= ACTIVITY =
For each line below that contains the string "where", copy that line.

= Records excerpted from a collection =
lemma cm_prob_vboundary_deficit_le:
  assumes r: "r \<ge> 1" and mn: "2 * m \<le> n" and U: "U \<subseteq> {1..n}" "card U = m"
  shows "cm_prob r n (\<lambda>M. real (e_out M U) - real (card (vboundary n M U)) > \<eta> * real (card U))
    \<le> exp (- \<eta> * real m * ln (real n / real m) + boundary_const r * real m)"
proof (rule cm_prob_le)
  let ?P = "pairings (half_edges r n)" and ?B = "boundary_half_edges r n U"
  let ?\<beta> = "exp (- \<eta> * real m * ln (real n / real m) + boundary_const r * real m)"
  let ?E = "{M \<in> ?P. real (e_out M U) - real (card (vboundary n M U)) > \<eta> * real (card U)}"
  have finite_P: "finite ?P" by (rule finite_pairings[OF finite_half_edges])
  have B_le: "card (?B M) \<in> {..r * m}" if "M \<in> ?P" for M
    using card_boundary_half_edges_le[OF that U(1)] U(2) by simp
  have "card ?E = (\<Sum>k\<in>{..r * m}. card {M \<in> ?E. card (?B M) = k})"
    using finite_P B_le by (intro card_eq_sum_card_fibres) auto
  then have "real (card ?E) = (\<Sum>k\<in>{..r * m}. real (card {M \<in> ?E. card (?B M) = k}))"
    by simp
  also have "\<dots> \<le> (\<Sum>k\<in>{..r * m}. ?\<beta> * card {M \<in> ?P. card (?B M) = k})"
  proof (rule sum_mono)
    fix k assume "k \<in> {..r * m}"
    have "{M \<in> ?E. card (?B M) = k}
        \<subseteq> {M \<in> ?P. card (?B M) = k \<and> \<eta> * real m \<le> real k - real (card (fst ` ?B M))}"
      using e_out_eq_card_boundary_half_edges vboundary_eq_fst_boundary_half_edges U(2) by fastforce
    then have "card {M \<in> ?E. card (?B M) = k}
        \<le> card {M \<in> ?P. card (?B M) = k \<and> \<eta> * real m \<le> real k - real (card (fst ` ?B M))}"
      using finite_P by (intro card_mono) auto
    then show "real (card {M \<in> ?E. card (?B M) = k}) \<le> ?\<beta> * card {M \<in> ?P. card (?B M) = k}"
      using card_small_shadow_boundary_le[OF r mn U, of k \<eta>] \<open>k \<in> {..r * m}\<close> by simp
  qed
  also have "\<dots> = ?\<beta> * card ?P"
  proof -
    have "card ?P = (\<Sum>k\<in>{..r * m}. card {M \<in> ?P. card (?B M) = k})"
      using finite_P B_le by (intro card_eq_sum_card_fibres) auto
    then show ?thesis by (simp add: sum_distrib_left)
  qed
  finally show "card ?E \<le> ?\<beta> * card ?P" .
qed simp

theorem lemma4:
  fixes r :: nat
  assumes "r \<ge> 3"
  shows "\<exists>\<Delta>2 > (0::real). \<forall>\<eta> > (0::real). \<exists>\<epsilon>5 > (0::real). \<exists>N::nat. \<forall>n \<ge> N. even (r * n) \<longrightarrow>
    (\<forall>(m::nat) (U::nat set) (u::real).
       real m < \<epsilon>5 * real n \<longrightarrow> U \<subseteq> {1..n} \<longrightarrow> card U = m \<longrightarrow>
       \<eta> < u \<longrightarrow> u \<le> real r \<longrightarrow>
       cm_prob r n (\<lambda>M. real (e_out M U) = u * real (card U)) > 0 \<longrightarrow>
       cm_cond_prob r n (\<lambda>M. real (card (vboundary n M U)) \<le> (u - \<eta>) * real (card U))
                        (\<lambda>M. real (e_out M U) = u * real (card U))
         \<le> exp (- \<eta> * real m * ln (real n / real m) + \<Delta>2 * real m)
       \<and> cm_prob r n (\<lambda>M. real (e_out M U) - real (card (vboundary n M U)) > \<eta> * real (card U))
         \<le> exp (- \<eta> * real m * ln (real n / real m) + \<Delta>2 * real m))"
proof -
  have r: "r \<ge> 1" using assms by simp
  have bounds:
    "cm_cond_prob r n (\<lambda>M. real (card (vboundary n M U)) \<le> (u - \<eta>) * real (card U))
                      (\<lambda>M. real (e_out M U) = u * real (card U))
       \<le> exp (- \<eta> * real m * ln (real n / real m) + boundary_const r * real m)
     \<and> cm_prob r n (\<lambda>M. real (e_out M U) - real (card (vboundary n M U)) > \<eta> * real (card U))
       \<le> exp (- \<eta> * real m * ln (real n / real m) + boundary_const r * real m)"
    if "real m < 1 / 2 * real n" "U \<subseteq> {1..n}" "card U = m" for \<eta> n m U u
  proof -
    have "2 * m \<le> n" using that(1) by linarith
    then show ?thesis
      using cm_cond_prob_small_vboundary_le[OF r] cm_prob_vboundary_deficit_le[OF r] that(2,3) by blast
  qed
  show ?thesis
    using boundary_const_pos[OF r] bounds
    by (intro exI[of _ "boundary_const r"] conjI allI impI exI[of _ "1 / 2"] exI[of _ 0]) auto
qed

end
(* Let $\mathcal H$ be a complex Hilbert space, $T\in\mathcal B(\mathcal H)$ left-invertible, and $L\in\mathcal B(\mathcal H)$ a left-inverse of $T$ (i.e. $LT=I$). Let $\phi(z)=1/z$ on $\mathbb C\setminus\{0\}$, extended to the Riemann sphere by $\phi(0)=\infty$, $\phi(\infty)=0$. Then, if $0\in\sigma(T)$, $$\mathbb C\setminus\phi(\sigma_l(L))\subseteq\sigma_r(T)\setminus\sigma_l(T),$$ while if $0\notin\sigma(T)$, then $\phi(\sigma(L))=\sigma(T)$. In either case $0\notin\partial\sigma(L)$ and $\phi(\partial\sigma(L))\subseteq\sigma_r(T)$.
   Context: $\sigma(A)$ is the spectrum of $A$; $\sigma_l(A)$ (left spectrum) is the set of $\lambda\in\mathbb C$ with $A-\lambda I$ not left-invertible, and $\sigma_r(A)$ (right spectrum) the set of $\lambda$ with $A-\lambda I$ not right-invertible. $\partial$ denotes topological boundary in $\mathbb C$. *)

theory Defs
  imports "HOL-Analysis.Analysis"
begin

class complex_vector = real_vector +
  fixes scaleC :: "complex \<Rightarrow> 'a \<Rightarrow> 'a"
  assumes scaleC_scaleR: "scaleC (complex_of_real r) x = scaleR r x"
    and scaleC_add_right: "scaleC a (x + y) = scaleC a x + scaleC a y"
    and scaleC_add_left: "scaleC (a + b) x = scaleC a x + scaleC b x"
    and scaleC_scaleC: "scaleC a (scaleC b x) = scaleC (a * b) x"
    and scaleC_one: "scaleC 1 x = x"

class complex_normed_vector = complex_vector + real_normed_vector +
  assumes norm_scaleC: "norm (scaleC a x) = cmod a * norm x"

class complex_inner = complex_normed_vector +
  fixes cinner :: "'a \<Rightarrow> 'a \<Rightarrow> complex"
  assumes cinner_commute: "cinner x y = cnj (cinner y x)"
    and cinner_add_left: "cinner (x + y) z = cinner x z + cinner y z"
    and cinner_scaleC_left: "cinner (scaleC r x) y = cnj r * cinner x y"
    and cinner_self_norm: "cinner x x = complex_of_real ((norm x)\<^sup>2)"

class chilbert_space = complex_inner + complete_space

definition bop :: "('a::chilbert_space \<Rightarrow> 'a) \<Rightarrow> bool" where
  "bop A \<longleftrightarrow> bounded_linear A \<and> (\<forall>c x. A (scaleC c x) = scaleC c (A x))"

definition left_invertible :: "('a::chilbert_space \<Rightarrow> 'a) \<Rightarrow> bool" where
  "left_invertible A \<longleftrightarrow> (\<exists>B. bop B \<and> B \<circ> A = id)"

definition right_invertible :: "('a::chilbert_space \<Rightarrow> 'a) \<Rightarrow> bool" where
  "right_invertible A \<longleftrightarrow> (\<exists>B. bop B \<and> A \<circ> B = id)"

definition op_invertible :: "('a::chilbert_space \<Rightarrow> 'a) \<Rightarrow> bool" where
  "op_invertible A \<longleftrightarrow> (\<exists>B. bop B \<and> B \<circ> A = id \<and> A \<circ> B = id)"

definition shift_op :: "('a::chilbert_space \<Rightarrow> 'a) \<Rightarrow> complex \<Rightarrow> 'a \<Rightarrow> 'a" where
  "shift_op A c = (\<lambda>x. A x - scaleC c x)"

definition op_spectrum :: "('a::chilbert_space \<Rightarrow> 'a) \<Rightarrow> complex set" where
  "op_spectrum A = {c. \<not> op_invertible (shift_op A c)}"

definition left_spectrum :: "('a::chilbert_space \<Rightarrow> 'a) \<Rightarrow> complex set" where
  "left_spectrum A = {c. \<not> left_invertible (shift_op A c)}"

definition right_spectrum :: "('a::chilbert_space \<Rightarrow> 'a) \<Rightarrow> complex set" where
  "right_spectrum A = {c. \<not> right_invertible (shift_op A c)}"

text \<open>Riemann sphere modelled as complex option, None = \<infinity>.\<close>
type_synonym riemann_sphere = "complex option"

fun phi :: "riemann_sphere \<Rightarrow> riemann_sphere" where
  "phi None = Some 0"
| "phi (Some z) = (if z = 0 then None else Some (1 / z))"

end

theory Submission
  imports Defs
begin

text \<open>
  Since \<open>L T = I\<close>, for \<open>w \<noteq> 0\<close> one has \<open>L - w = -w L (T - 1/w)\<close>. Hence
  right invertibility of \<open>T - 1/w\<close> passes to \<open>L - w\<close>, and a left inverse of \<open>L - w\<close>
  yields one of \<open>T - 1/w\<close>; if \<open>T - 1/w\<close> were even invertible, \<open>L\<close> would be left
  invertible, so \<open>T\<close> would be invertible. If \<open>T\<close> is invertible, \<open>L = T\<^sup>-\<^sup>1\<close> and the identity
  is symmetric in \<open>L\<close> and \<open>T\<close>, so the spectra correspond under \<open>z \<mapsto> 1/z\<close>.

  For the boundary: if \<open>(L - w) R = I\<close>, then \<open>(L - w') R = I - (w' - w) R\<close> is invertible
  for \<open>w'\<close> close to \<open>w\<close> (a contraction perturbation of the identity), which makes membership
  in \<open>\<sigma>(L)\<close> constant near \<open>w\<close>. This applies to \<open>w = 0\<close> with \<open>R = T\<close>, and to every
  \<open>w \<noteq> 0\<close> with \<open>1/w \<notin> \<sigma>\<^sub>r(T)\<close>.
\<close>

global_interpretation complex_vector: vector_space "scaleC :: complex \<Rightarrow> 'a \<Rightarrow> 'a::complex_vector"
  by unfold_locales (simp_all add: scaleC_add_right scaleC_add_left scaleC_scaleC scaleC_one)

lemma bopD:
  assumes "bop A"
  shows "bounded_linear A" and "A (scaleC c x) = scaleC c (A x)"
    and "A (x + y) = A x + A y" and "A (x - y) = A x - A y"
  using assms unfolding bop_def by (auto simp: linear_simps)

lemma bop_id: "bop id"
  unfolding bop_def by (simp add: id_def)

lemma bop_comp: "bop A \<Longrightarrow> bop B \<Longrightarrow> bop (A \<circ> B)"
  unfolding bop_def by (auto simp: o_def intro: bounded_linear_compose)

lemma bop_scaleC: "bop (scaleC c :: 'a::chilbert_space \<Rightarrow> 'a)"
proof -
  have "bounded_linear (scaleC c :: 'a \<Rightarrow> 'a)"
  proof (rule bounded_linear_intro[where K = "cmod c"])
    fix r and x :: 'a
    show "scaleC c (r *\<^sub>R x) = r *\<^sub>R scaleC c x"
      by (simp add: scaleC_scaleR[symmetric] mult.commute)
  qed (simp_all add: scaleC_add_right norm_scaleC mult.commute)
  then show ?thesis
    unfolding bop_def by (simp add: mult.commute)
qed

lemma bop_diff: "bop A \<Longrightarrow> bop B \<Longrightarrow> bop (\<lambda>x. A x - B x)"
  unfolding bop_def by (auto intro: bounded_linear_sub simp: complex_vector.scale_right_diff_distrib)

lemma bop_shift_op: "bop A \<Longrightarrow> bop (shift_op A c)"
  unfolding shift_op_def by (intro bop_diff bop_scaleC)

lemma shift_op_zero [simp]: "shift_op A 0 = A"
  by (simp add: shift_op_def fun_eq_iff)

lemma left_inverse_eq_right_inverse: "B \<circ> A = id \<Longrightarrow> A \<circ> C = id \<Longrightarrow> B = C"
  by (metis comp_assoc comp_id id_comp)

= SOLUTION FOR THIS EXERCISE =
definition bop :: "('a::chilbert_space \<Rightarrow> 'a) \<Rightarrow> bool" where
definition left_invertible :: "('a::chilbert_space \<Rightarrow> 'a) \<Rightarrow> bool" where
definition right_invertible :: "('a::chilbert_space \<Rightarrow> 'a) \<Rightarrow> bool" where
definition op_invertible :: "('a::chilbert_space \<Rightarrow> 'a) \<Rightarrow> bool" where
definition shift_op :: "('a::chilbert_space \<Rightarrow> 'a) \<Rightarrow> complex \<Rightarrow> 'a \<Rightarrow> 'a" where
definition op_spectrum :: "('a::chilbert_space \<Rightarrow> 'a) \<Rightarrow> complex set" where
definition left_spectrum :: "('a::chilbert_space \<Rightarrow> 'a) \<Rightarrow> complex set" where
definition right_spectrum :: "('a::chilbert_space \<Rightarrow> 'a) \<Rightarrow> complex set" where
fun phi :: "riemann_sphere \<Rightarrow> riemann_sphere" where
  proof (rule bounded_linear_intro[where K = "cmod c"])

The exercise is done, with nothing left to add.